### INSTRUCTIONS FOR THE TASK
Return each line of the records holding the string "forall".

Stored items from a collection:
/---

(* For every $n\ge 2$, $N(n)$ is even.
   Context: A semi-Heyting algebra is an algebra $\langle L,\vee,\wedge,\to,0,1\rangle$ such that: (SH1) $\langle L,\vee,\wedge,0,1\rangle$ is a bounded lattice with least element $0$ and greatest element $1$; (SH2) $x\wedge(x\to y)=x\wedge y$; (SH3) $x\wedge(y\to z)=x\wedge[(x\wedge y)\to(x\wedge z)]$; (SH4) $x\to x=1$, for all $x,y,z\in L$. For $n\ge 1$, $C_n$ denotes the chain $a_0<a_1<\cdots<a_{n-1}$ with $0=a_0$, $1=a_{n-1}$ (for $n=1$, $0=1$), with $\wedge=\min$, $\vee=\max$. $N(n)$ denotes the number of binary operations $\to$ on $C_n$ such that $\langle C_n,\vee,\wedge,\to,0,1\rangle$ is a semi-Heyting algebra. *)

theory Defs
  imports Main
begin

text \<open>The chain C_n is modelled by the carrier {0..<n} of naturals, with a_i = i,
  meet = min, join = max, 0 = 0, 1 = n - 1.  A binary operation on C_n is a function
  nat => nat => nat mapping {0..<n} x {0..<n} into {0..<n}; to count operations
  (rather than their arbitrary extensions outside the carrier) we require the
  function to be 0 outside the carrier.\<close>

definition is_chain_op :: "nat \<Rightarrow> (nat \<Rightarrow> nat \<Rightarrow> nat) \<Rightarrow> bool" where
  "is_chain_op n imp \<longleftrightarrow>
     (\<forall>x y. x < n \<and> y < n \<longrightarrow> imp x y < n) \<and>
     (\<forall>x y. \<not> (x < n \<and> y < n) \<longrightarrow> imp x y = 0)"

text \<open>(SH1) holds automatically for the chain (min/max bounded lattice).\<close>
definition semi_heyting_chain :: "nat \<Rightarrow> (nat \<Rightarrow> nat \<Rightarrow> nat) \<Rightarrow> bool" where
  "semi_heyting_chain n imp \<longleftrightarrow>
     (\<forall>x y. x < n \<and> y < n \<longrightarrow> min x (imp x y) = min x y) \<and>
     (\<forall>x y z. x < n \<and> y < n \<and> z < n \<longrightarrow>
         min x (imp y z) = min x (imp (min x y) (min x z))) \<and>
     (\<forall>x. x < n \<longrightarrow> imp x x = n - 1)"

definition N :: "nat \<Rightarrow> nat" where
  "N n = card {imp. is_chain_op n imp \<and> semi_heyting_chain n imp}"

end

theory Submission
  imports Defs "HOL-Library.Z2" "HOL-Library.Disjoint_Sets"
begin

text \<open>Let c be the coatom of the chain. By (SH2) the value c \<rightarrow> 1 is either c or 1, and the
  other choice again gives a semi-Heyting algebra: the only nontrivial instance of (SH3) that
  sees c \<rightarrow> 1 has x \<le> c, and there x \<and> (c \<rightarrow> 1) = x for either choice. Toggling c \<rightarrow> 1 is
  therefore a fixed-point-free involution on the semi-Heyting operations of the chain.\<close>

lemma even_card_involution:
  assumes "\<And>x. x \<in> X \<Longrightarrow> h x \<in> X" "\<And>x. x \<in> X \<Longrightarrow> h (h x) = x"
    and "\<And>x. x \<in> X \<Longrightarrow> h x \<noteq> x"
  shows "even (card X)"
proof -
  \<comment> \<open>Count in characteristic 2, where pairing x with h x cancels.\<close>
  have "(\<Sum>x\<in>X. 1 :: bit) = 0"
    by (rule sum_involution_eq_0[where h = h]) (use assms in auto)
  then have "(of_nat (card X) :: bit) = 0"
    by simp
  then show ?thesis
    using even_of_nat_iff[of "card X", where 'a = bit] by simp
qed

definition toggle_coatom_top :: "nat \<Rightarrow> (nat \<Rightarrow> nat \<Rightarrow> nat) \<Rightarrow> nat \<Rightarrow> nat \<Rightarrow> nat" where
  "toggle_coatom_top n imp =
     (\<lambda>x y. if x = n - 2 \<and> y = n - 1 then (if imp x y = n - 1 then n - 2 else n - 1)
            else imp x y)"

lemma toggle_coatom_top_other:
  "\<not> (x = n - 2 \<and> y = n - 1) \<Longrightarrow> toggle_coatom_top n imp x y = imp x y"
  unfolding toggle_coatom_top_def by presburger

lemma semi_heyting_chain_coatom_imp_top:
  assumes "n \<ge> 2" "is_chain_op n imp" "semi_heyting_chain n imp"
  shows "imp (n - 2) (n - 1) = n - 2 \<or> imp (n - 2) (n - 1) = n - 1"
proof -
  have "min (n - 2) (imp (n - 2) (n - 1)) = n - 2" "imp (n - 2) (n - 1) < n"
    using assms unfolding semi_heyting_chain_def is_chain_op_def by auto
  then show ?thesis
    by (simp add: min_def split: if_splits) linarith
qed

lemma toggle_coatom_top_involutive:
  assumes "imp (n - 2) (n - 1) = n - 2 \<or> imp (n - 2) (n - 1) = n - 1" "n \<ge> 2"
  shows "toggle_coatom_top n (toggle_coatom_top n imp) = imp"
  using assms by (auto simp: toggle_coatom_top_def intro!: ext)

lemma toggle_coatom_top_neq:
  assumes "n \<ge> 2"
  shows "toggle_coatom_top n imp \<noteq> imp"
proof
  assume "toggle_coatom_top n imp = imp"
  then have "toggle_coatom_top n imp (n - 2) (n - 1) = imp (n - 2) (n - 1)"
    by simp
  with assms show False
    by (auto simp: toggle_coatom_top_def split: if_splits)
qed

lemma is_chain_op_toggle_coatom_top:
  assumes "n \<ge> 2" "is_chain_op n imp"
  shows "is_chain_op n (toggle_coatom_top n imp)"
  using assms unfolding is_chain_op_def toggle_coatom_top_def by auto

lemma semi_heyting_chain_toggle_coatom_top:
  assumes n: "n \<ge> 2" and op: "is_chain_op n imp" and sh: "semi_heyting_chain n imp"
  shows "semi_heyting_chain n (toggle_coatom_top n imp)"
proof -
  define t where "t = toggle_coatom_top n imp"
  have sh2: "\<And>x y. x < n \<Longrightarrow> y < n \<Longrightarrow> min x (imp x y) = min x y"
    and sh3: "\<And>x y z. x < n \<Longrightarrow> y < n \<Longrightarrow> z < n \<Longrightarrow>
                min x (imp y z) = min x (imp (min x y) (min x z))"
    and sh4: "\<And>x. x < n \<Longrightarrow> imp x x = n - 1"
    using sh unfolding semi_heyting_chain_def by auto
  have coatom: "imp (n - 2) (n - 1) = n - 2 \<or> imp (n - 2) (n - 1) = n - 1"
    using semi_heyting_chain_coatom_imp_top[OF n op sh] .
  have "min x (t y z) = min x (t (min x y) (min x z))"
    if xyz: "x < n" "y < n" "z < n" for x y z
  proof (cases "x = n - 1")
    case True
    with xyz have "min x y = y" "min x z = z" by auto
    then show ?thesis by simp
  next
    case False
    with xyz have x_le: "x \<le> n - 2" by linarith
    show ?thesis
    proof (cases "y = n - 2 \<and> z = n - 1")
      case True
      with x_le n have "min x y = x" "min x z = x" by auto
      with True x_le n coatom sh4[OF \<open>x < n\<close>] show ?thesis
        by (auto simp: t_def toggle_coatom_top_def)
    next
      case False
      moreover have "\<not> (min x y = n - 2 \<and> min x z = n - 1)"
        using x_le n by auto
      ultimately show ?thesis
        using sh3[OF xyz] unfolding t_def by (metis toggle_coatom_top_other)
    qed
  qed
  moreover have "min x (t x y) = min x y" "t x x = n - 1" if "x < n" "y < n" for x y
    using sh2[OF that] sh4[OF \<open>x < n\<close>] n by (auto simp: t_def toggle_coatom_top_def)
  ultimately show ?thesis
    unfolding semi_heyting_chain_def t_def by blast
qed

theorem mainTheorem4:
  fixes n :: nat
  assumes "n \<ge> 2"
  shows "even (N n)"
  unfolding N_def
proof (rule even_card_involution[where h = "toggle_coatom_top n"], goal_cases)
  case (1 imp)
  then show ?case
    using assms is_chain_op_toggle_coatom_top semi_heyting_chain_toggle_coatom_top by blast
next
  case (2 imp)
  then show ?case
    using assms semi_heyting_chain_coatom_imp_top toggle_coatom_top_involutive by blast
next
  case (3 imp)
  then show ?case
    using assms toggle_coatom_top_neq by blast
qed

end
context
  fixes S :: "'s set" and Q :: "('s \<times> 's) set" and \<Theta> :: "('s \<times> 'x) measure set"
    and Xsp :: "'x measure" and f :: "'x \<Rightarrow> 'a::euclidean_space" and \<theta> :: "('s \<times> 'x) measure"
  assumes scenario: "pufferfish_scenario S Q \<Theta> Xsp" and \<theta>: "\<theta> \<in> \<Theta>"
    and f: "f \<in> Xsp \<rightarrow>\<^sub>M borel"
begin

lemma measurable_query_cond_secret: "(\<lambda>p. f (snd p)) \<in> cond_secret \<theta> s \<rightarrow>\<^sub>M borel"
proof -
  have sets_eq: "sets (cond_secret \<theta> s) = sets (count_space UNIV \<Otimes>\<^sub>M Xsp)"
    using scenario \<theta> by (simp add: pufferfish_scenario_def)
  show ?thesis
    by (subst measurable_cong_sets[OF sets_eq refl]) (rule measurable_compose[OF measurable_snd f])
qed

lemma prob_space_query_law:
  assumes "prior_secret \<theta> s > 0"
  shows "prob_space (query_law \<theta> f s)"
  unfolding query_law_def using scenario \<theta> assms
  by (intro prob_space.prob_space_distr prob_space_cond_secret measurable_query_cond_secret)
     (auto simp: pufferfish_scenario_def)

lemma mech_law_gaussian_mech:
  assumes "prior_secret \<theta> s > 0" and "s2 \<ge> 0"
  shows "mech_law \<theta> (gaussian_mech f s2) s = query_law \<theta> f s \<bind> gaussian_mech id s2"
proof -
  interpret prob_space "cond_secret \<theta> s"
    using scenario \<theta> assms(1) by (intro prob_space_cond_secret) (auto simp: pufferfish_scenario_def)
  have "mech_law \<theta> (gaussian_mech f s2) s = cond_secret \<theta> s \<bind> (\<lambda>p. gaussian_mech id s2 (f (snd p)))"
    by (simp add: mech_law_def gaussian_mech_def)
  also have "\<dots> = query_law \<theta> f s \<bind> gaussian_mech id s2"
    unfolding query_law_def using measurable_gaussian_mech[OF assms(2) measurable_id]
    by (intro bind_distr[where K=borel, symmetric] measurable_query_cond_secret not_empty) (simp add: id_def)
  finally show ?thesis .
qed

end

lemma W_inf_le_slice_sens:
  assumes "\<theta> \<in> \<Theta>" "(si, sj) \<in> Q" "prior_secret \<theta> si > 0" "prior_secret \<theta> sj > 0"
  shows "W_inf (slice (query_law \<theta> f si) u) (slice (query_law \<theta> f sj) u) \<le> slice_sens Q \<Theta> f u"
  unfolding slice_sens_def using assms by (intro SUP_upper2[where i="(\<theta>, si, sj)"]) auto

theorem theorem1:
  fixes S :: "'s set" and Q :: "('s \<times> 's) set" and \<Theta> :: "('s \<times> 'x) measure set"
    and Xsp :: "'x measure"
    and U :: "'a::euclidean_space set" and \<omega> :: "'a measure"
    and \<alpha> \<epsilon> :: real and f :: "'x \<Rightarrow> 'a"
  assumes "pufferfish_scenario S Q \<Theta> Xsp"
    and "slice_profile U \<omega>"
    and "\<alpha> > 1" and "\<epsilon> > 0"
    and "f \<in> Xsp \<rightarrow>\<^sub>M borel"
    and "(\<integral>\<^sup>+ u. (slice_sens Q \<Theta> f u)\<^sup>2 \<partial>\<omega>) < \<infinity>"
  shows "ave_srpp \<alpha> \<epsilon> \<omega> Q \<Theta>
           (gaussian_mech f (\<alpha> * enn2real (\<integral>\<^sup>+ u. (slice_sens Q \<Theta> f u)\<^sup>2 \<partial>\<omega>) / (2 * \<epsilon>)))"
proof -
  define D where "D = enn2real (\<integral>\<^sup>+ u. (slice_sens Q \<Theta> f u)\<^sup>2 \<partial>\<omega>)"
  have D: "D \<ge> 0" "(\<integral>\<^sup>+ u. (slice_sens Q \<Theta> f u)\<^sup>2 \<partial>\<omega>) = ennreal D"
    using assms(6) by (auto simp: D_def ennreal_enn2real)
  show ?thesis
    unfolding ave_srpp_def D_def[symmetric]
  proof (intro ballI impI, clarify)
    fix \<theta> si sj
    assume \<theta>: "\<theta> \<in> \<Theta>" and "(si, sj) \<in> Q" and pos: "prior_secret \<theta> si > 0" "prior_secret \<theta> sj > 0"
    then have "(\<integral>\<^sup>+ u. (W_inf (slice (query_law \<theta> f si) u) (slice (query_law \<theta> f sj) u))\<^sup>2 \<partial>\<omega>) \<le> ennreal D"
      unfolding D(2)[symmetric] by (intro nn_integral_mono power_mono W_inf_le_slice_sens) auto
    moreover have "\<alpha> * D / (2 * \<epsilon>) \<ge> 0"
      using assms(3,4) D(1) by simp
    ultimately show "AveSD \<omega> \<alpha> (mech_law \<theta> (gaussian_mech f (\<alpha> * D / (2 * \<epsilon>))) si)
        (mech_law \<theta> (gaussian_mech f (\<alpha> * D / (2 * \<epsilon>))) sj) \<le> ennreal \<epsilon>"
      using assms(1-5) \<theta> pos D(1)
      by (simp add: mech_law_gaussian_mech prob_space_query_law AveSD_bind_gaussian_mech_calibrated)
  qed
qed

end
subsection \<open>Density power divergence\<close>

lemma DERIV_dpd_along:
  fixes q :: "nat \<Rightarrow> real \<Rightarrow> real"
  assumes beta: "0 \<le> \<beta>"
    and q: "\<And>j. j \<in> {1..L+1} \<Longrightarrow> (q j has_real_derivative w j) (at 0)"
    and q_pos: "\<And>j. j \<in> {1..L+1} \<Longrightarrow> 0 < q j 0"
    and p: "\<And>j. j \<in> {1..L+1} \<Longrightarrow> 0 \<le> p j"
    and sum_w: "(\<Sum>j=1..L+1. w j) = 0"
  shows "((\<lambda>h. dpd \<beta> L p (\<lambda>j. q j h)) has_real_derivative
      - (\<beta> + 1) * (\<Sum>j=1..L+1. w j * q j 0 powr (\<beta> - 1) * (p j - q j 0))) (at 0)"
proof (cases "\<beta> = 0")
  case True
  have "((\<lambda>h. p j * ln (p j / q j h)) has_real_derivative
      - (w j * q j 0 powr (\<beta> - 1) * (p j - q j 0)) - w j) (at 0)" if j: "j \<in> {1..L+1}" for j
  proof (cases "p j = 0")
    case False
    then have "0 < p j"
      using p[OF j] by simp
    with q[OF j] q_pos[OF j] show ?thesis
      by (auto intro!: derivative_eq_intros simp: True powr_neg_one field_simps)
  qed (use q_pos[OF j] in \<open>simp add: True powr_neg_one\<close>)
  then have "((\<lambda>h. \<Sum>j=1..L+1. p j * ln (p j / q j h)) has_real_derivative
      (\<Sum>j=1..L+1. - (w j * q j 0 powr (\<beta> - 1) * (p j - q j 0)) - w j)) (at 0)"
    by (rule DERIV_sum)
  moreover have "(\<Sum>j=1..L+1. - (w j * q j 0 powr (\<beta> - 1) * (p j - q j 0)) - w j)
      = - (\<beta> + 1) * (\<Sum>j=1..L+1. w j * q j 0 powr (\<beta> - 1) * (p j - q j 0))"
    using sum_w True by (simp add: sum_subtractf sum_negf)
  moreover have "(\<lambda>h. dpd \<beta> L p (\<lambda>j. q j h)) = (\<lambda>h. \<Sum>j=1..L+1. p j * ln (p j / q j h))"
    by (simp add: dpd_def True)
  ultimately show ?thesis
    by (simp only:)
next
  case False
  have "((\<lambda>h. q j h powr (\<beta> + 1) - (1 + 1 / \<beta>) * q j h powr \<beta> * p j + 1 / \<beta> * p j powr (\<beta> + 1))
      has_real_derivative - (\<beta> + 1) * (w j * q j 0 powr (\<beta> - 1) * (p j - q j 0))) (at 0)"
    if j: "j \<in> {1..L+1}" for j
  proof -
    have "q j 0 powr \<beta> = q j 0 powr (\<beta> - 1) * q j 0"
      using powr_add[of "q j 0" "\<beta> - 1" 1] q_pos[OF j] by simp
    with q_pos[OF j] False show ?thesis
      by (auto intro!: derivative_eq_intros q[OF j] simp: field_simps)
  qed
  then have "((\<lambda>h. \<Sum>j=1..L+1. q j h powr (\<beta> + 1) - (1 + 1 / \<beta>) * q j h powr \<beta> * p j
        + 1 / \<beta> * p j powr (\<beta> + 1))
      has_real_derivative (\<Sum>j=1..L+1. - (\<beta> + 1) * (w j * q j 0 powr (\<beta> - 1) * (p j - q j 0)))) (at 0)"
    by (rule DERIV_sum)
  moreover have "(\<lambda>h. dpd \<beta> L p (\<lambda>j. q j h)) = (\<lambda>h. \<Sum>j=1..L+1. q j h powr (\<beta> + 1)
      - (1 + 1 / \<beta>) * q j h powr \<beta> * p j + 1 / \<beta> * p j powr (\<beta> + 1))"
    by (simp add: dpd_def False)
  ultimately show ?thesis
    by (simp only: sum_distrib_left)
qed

\---

### OUTPUT FOR THIS EXERCISE
     (\<forall>x y. x < n \<and> y < n \<longrightarrow> imp x y < n) \<and>
     (\<forall>x y. \<not> (x < n \<and> y < n) \<longrightarrow> imp x y = 0)"
     (\<forall>x y. x < n \<and> y < n \<longrightarrow> min x (imp x y) = min x y) \<and>
     (\<forall>x y z. x < n \<and> y < n \<and> z < n \<longrightarrow>
     (\<forall>x. x < n \<longrightarrow> imp x x = n - 1)"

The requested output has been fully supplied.